Existing measurements of the black hole mass in Centaurus A are summarized in Fig. 1 where the various measurements are shown as a function of the spatial resolution of the observations (full width at half maximum – FWHM – of the point spread function – PSF) used for each measurement. In that Figure we also show the measurement obtained in this paper as a function of the angular resolution actually obtained with the spectroastrometric technique (i.e. a fraction of the PSF FWHM as will be discussed in detail in the following).

The supermassive black hole in Centaurus A was first detected and its mass measured with a near infrared gas kinematical study using seeing limited spectra obtained with ISAAC at the ESO VLT (Marconi et al. 2001). Subsequent higher spatial resolution gas kinematical studies based on longslit spectroscopy were performed using STIS on the HST (Marconi et al. 2006) and AO assisted observations with NAOS-CONICA at the ESO VLT (Häring-Neumayer et al. 2006). More recent studies based on integral field spectroscopy were performed by Krajnović et al. (2007) using seeing limited observations with CIRPASS at the Gemini South telescope and by Neumayer et al. (2007) using AO-assisted observations obtained with SINFONI at VLT. On the other hand, Silge et al. (2005) and Cappellari et al. (2009) performed near infrared stellar kinematical studies based, respectively, on seeing limited longslit spectra (GNIRS at Gemini South) and AO-assisted integral field spectra (SINFONI at the ESO VLT).

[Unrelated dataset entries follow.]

lemma below_centroid_deficit_ge:
  assumes P: "P \<in> sets borel" "0 < measure G P"
    and inner: "{u<..<v} \<subseteq> P" and uv: "a \<le> u" "v \<le> b" "\<epsilon> \<le> v - u" "0 < \<epsilon>"
    and \<kappa>: "\<And>t. a \<le> t \<Longrightarrow> t + \<epsilon> / 4 \<le> b \<Longrightarrow> \<kappa> \<le> measure G {t<..<t + \<epsilon> / 4}"
  shows "\<epsilon> / 4 * \<kappa> \<le> centroid P * measure G (below_centroid P) - moment (below_centroid P)"
proof -
  define c where "c = centroid P"
  define L where "L = below_centroid P"
  define R where "R = above_centroid P"
  have balance: "c * measure G L - moment L = moment R - c * measure G R"
    using centroid_balance[OF P] by (simp add: c_def L_def R_def)
  (* The centroid cuts {u<..<v} into two pieces, one of length at least eps/2; the end
     interval of length eps/4 of that piece stays eps/4 away from the centroid. *)
  consider "\<epsilon> / 2 \<le> c - u" | "\<epsilon> / 2 \<le> v - c" using uv by linarith
  then have "\<epsilon> / 4 * \<kappa> \<le> c * measure G L - moment L"
  proof cases
    case 1
    define T where "T = {u<..<u + \<epsilon> / 4}"
    have "\<epsilon> / 4 * measure G T \<le> c * measure G L - moment L"
    proof (rule moment_upper_gap)
      show "T \<subseteq> L"
        using inner uv 1 by (auto simp: T_def L_def below_centroid_def c_def)
      show "x + \<epsilon> / 4 \<le> c" if "x \<in> T" for x
        using that 1 by (simp add: T_def)
    qed (use P in \<open>simp_all add: T_def L_def below_centroid_def c_def\<close>)
    moreover have "\<kappa> \<le> measure G T"
      unfolding T_def using uv by (intro \<kappa>) auto
    then have "\<epsilon> / 4 * \<kappa> \<le> \<epsilon> / 4 * measure G T"
      using uv by (intro mult_left_mono) auto
    ultimately show ?thesis by linarith
  next
    case 2
    define T where "T = {v - \<epsilon> / 4<..<v}"
    have "\<epsilon> / 4 * measure G T \<le> moment R - c * measure G R"
    proof (rule moment_lower_gap)
      show "T \<subseteq> R"
        using inner uv 2 by (auto simp: T_def R_def above_centroid_def c_def)
      show "c + \<epsilon> / 4 \<le> x" if "x \<in> T" for x
        using that 2 by (simp add: T_def)
    qed (use P in \<open>simp_all add: T_def R_def above_centroid_def c_def\<close>)
    moreover have "\<kappa> \<le> measure G T"
      using \<kappa>[of "v - \<epsilon> / 4"] uv by (simp add: T_def)
    then have "\<epsilon> / 4 * \<kappa> \<le> \<epsilon> / 4 * measure G T"
      using uv by (intro mult_left_mono) auto
    ultimately show ?thesis using balance by linarith
  qed
  then show ?thesis by (simp add: c_def L_def)
qed

lemma Theta_set_bounds:
  assumes "emeasure G (Theta_set lo hi) = 1"
  shows "lo \<le> ereal a" "ereal b \<le> hi"
proof -
  have Theta: "Theta_set lo hi \<in> sets borel"
    using closed_Theta_set by (rule borel_closed)
  have "emeasure G (space G - Theta_set lo hi) = emeasure G (space G) - emeasure G (Theta_set lo hi)"
    using Theta by (intro emeasure_compl) (auto simp: assms)
  then have "emeasure G (- Theta_set lo hi) = 0"
    using emeasure_space_1 by (simp add: Compl_eq_Diff_UNIV assms)
  then have "{a..b} \<subseteq> Theta_set lo hi"
    by (rule support_subset_closed[OF closed_Theta_set])
  moreover have "a \<in> {a..b}" "b \<in> {a..b}"
    using a_less_b by auto
  ultimately show "lo \<le> ereal a" "ereal b \<le> hi"
    unfolding Theta_set_def by blast+
qed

The top panel of Fig. 1 shows the different MBH values obtained by the previous authors, spread over almost an order of magnitude. To understand the origin of these differences, in the bottom panel of Fig. 1 we plot the MBHsin2i values, i.e. the values constrained by the observed velocity fields and not dependent on the inclination of the rotating gas disks. In the case of the stellar kinematical studies, the authors assumed edge-on axisymmetric potentials, therefore no correction is made to obtain MBHsin2i: Silge et al. (2005) and Cappellari et al. (2009) discuss the systematic uncertainties associated with their assumptions of edge-on models. After removing the inclination effect all gas kinematical measurements show statistical fluctuation within two times the respective sigma; as noted several times, the inclination of the rotating disk is an important source of uncertainty in gas kinematical measurements.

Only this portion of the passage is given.